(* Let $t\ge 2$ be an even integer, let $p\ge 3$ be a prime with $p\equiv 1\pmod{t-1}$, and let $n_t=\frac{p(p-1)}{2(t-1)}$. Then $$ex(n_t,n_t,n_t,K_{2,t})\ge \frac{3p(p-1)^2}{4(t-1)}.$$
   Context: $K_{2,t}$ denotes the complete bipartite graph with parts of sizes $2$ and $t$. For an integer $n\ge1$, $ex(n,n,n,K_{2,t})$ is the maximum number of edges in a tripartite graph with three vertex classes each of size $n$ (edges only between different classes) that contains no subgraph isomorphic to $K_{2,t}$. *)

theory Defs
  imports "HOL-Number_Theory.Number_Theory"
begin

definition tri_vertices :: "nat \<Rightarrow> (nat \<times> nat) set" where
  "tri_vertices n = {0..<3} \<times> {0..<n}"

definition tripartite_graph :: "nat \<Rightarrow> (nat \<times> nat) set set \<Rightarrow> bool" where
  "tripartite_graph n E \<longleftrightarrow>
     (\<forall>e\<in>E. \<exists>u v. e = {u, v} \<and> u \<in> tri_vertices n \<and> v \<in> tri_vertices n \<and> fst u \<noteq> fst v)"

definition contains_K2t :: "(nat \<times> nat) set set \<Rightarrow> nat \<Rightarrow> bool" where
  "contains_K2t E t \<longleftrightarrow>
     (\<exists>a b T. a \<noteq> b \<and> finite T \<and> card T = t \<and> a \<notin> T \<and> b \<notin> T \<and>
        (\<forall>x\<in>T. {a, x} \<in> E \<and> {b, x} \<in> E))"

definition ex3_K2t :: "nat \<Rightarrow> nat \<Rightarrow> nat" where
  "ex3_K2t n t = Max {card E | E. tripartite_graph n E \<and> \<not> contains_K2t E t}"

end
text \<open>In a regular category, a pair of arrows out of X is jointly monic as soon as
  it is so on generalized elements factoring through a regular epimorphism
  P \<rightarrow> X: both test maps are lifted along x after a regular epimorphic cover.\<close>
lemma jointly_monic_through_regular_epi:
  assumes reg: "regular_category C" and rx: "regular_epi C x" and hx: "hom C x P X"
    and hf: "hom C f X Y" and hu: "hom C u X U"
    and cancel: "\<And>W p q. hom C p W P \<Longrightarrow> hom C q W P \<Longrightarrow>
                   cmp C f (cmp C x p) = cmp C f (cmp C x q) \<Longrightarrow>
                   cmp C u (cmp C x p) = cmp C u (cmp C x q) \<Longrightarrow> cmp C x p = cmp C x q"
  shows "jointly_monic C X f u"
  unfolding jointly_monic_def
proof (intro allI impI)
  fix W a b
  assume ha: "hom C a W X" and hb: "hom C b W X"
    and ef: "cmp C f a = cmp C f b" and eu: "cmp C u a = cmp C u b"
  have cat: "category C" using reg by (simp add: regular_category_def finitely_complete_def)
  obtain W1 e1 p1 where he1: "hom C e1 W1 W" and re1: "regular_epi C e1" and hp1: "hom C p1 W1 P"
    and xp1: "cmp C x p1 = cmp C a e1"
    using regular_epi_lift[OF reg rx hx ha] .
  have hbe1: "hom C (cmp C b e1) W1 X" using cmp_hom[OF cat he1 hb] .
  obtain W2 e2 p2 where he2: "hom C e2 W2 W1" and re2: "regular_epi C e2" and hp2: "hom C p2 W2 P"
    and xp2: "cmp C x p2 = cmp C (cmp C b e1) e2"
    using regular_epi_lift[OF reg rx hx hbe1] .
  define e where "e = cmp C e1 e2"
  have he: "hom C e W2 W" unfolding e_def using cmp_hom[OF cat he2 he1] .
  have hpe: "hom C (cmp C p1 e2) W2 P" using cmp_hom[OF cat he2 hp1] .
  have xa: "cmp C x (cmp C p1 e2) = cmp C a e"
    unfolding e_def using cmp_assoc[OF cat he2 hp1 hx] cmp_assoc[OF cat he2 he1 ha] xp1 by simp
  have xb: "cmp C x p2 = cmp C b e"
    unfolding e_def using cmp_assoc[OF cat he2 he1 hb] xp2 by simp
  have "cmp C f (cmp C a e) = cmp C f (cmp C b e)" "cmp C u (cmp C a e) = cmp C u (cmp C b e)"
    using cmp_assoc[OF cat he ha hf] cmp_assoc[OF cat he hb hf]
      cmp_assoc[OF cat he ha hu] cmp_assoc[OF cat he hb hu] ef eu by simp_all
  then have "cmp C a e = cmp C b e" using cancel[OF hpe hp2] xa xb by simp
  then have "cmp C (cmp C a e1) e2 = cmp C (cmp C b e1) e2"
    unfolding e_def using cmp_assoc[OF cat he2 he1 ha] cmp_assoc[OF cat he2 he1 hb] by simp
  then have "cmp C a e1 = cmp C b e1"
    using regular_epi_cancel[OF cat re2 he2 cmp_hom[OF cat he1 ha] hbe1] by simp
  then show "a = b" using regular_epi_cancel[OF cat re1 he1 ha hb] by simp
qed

--------

- _HOW TO COMPLETE THIS TASK_: Write out exactly the lines above from the line with "cmp_assoc[OF cat he ha hu]" through the line with "C a e1 = cmp", both of them included, and leave out all other lines.

- _SOLUTION FOR THIS TASK_:
      cmp_assoc[OF cat he ha hu] cmp_assoc[OF cat he hb hu] ef eu by simp_all
  then have "cmp C a e = cmp C b e" using cancel[OF hpe hp2] xa xb by simp
  then have "cmp C (cmp C a e1) e2 = cmp C (cmp C b e1) e2"
    unfolding e_def using cmp_assoc[OF cat he2 he1 ha] cmp_assoc[OF cat he2 he1 hb] by simp
  then have "cmp C a e1 = cmp C b e1"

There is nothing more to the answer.